The Effects of Variable Viscosity, Viscous Dissipation and Chemical Reaction on Heat and Mass Transfer Flow of MHD Micropolar Fluid along a Permeable Stretching Sheet in a Non-Darcian Porous Medium

Department of Basic Science, Faculty of Computers & Informatics, Suez Canal University, Ismailia 41611, Egypt

Received 17 October 2012; Accepted 23 March 2013

Academic Editor: Mohamed Seddeek

Copyright © 2013 A. M. Salem. This is an open access article distributed under the Creative Commons Attribution License, which permits unrestricted use, distribution, and reproduction in any medium, provided the original work is properly cited.

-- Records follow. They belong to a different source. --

lemma G2_runit:
  assumes x: "x \<in> obj C"
  shows "farr H (runit C x) \<cdot> G2 x (unit_ob C) \<cdot> (mid D (fob H x) \<otimes> (\<theta> (unit_ob C) \<cdot> f0 F)) =
    runit D (fob H x)" (is "?L = ?R")
proof (rule D.iso_cancel_right)
  let ?\<theta>1 = "\<theta> x \<otimes> mid D (unit_ob D)"
  have "?L \<cdot> ?\<theta>1 =
      farr H (runit C x) \<cdot> G2 x (unit_ob C) \<cdot> (\<theta> x \<otimes> \<theta> (unit_ob C)) \<cdot> (mid D (fob F x) \<otimes> f0 F)"
    using x by (simp add: D.comp_assoc flip: D.interchange)
  also have "\<dots> = \<theta> x \<cdot> farr F (runit C x) \<cdot> f2 F x (unit_ob C) \<cdot> (mid D (fob F x) \<otimes> f0 F)"
    using x \<theta>_naturality_comp[of "runit C x"] by (simp add: G2_comp_\<theta>_comp)
  also have "\<dots> = \<theta> x \<cdot> runit D (fob F x)"
    using x by (simp add: F_runit)
  also have "\<dots> = ?R \<cdot> ?\<theta>1"
    using x D.runit_naturality[of "\<theta> x"] by simp
  finally show "?L \<cdot> ?\<theta>1 = ?R \<cdot> ?\<theta>1" .
qed (use x in \<open>simp_all add: D.iso_tensm\<close>)

lemma iso_G2: "\<lbrakk>x \<in> obj C; y \<in> obj C\<rbrakk> \<Longrightarrow> iso D (G2 x y)"
  by (simp add: f2_G iso_F2 D.iso_comp D.iso_tensm D.iso_inv_arr)

theorem weak_monoidal_functor_transport: "weak_monoidal_functor C D G"
proof -
  have "is_functor C D G"
    using H unfolding is_functor_def by simp
  moreover have "iso D (f0 G)"
    by (simp add: D.iso_comp iso_F0)
  ultimately show ?thesis
    unfolding weak_monoidal_functor_def
    by (simp add: iso_G2 G2_naturality G2_assoc G2_lunit G2_runit)
qed

theorem monoidal_nat_iso_transport: "monoidal_nat_iso C D F G \<theta>"
  unfolding monoidal_nat_iso_def monoidal_nat_trans_def
  by (simp add: \<theta>_naturality G2_comp_\<theta>)

end

lemma (in strict_unit_monoidal_cat) natural_iso_scalar:
  assumes F: "is_functor B C F"
    and c: "iso C c" "mdom C c = unit_ob C" "mcod C c = unit_ob C"
  shows "natural_iso B C F F (\<lambda>x. tensm C c (mid C (fob F x)))"
proof -
  have c_arr: "c \<in> arr C"
    using c(1) by (rule iso_in_arr)
  have F_obj: "\<forall>x\<in>obj B. fob F x \<in> obj C"
    and F_arr: "\<forall>f\<in>arr B. farr F f \<in> arr C \<and> mdom C (farr F f) = fob F (mdom B f) \<and>
      mcod C (farr F f) = fob F (mcod B f)"
    using F unfolding is_functor_def by blast+
  have "mcomp C (farr F f) (tensm C c (mid C (fob F (mdom B f)))) =
      mcomp C (tensm C c (mid C (fob F (mcod B f)))) (farr F f)" if "f \<in> arr B" for f
    using scalar_tensm_naturality[OF c_arr c(2,3), of "farr F f"] F_arr that by simp
  then show ?thesis
    unfolding natural_iso_def using c c_arr F_obj by (simp add: iso_tensm)
qed

lemma fob_unit_skeletal:
  assumes "monoidal_category C" "monoidal_category D" "skeletal D" "weak_monoidal_functor C D F"
  shows "fob F (unit_ob C) = unit_ob D"
proof -
  interpret C: monoidal_cat C by (rule monoidal_cat.intro) fact
  interpret D: monoidal_cat D by (rule monoidal_cat.intro) fact
  have "fob F (unit_ob C) \<in> obj D"
    using assms(4) unfolding weak_monoidal_functor_def is_functor_def by simp
  moreover have "f0 F \<in> arr D \<and> iso D (f0 F) \<and>
      mdom D (f0 F) = unit_ob D \<and> mcod D (f0 F) = fob F (unit_ob C)"
    using assms(4) unfolding weak_monoidal_functor_def by blast
  ultimately show ?thesis
    using assms(3) D.unit_in_obj unfolding skeletal_def by metis
qed

theorem proposition8p10:
  fixes C :: "('o, 'm) c2g" and D :: "('p, 'n) c2g" and F :: "('o, 'm, 'p, 'n) mfun"
  assumes "special_2group C" and "special_2group D" and "c2g_hom C D F"
  shows "\<exists>G :: ('o, 'm, 'p, 'n) mfun. special_hom C D G \<and> isomorphic_homs C D F G"
proof -
  have C: "monoidal_category C" and D: "monoidal_category D" and "skeletal D"
    and F: "weak_monoidal_functor C D F" and iso_F0: "iso D (f0 F)"
    using assms
    unfolding special_2group_def coherent_2group_def c2g_hom_def weak_monoidal_functor_def
    by blast+
  interpret D: strict_unit_monoidal_cat D
    using assms(2) D unfolding special_2group_def by unfold_locales auto
  have F1: "fob F (unit_ob C) = unit_ob D"
    using C D \<open>skeletal D\<close> F by (rule fob_unit_skeletal)
  define \<theta> where "\<theta> x = tensm D (inv_arr D (f0 F)) (mid D (fob F x))" for x
  have "natural_iso C D F F \<theta>"
    unfolding \<theta>_def using F iso_F0 F1
    by (intro D.natural_iso_scalar) (auto simp: weak_monoidal_functor_def D.iso_inv_arr)
  then interpret monoidal_transport C D F F \<theta>
    using C D F by unfold_locales (auto simp: weak_monoidal_functor_def)
  have "f0 G = mid D (unit_ob D)"
    using iso_F0 F1 by (simp add: \<theta>_def)
  then have "special_hom C D G"
    using assms weak_monoidal_functor_transport unfolding special_hom_def c2g_hom_def by blast
  moreover have "isomorphic_homs C D F G"
    using monoidal_nat_iso_transport unfolding isomorphic_homs_def by blast
  ultimately show ?thesis
    by blast
qed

A numerical model is developed to study the effects of temperature-dependent viscosity on heat and mass transfer flow of magnetohydrodynamic(MHD) micropolar fluids with medium molecular weight along a permeable stretching surface embedded in a non-Darcian porous medium in the presence of viscous dissipation and chemical reaction. The governing boundary equations for momentum, angular momentum (microrotation), and energy and mass transfer are transformed to a set of nonlinear ordinary differential equations by using similarity solutions which are then solved numerically by shooting technique. A comparison between the analytical and the numerical solutions has been included. The effects of the various physical parameters entering into the problem on velocity, microrotation, temperature and concentration profiles are presented graphically. Finally, the effects of pertinent parameters on local skin-friction coefficient, local Nusselt number and local Sherwood number are also presented graphically. One important observation is that for some kinds of mixtures (e.g., H2, air) with light and medium molecular weight, the magnetic field and temperature-dependent viscosity effects play a significant role and should be taken into consideration as well.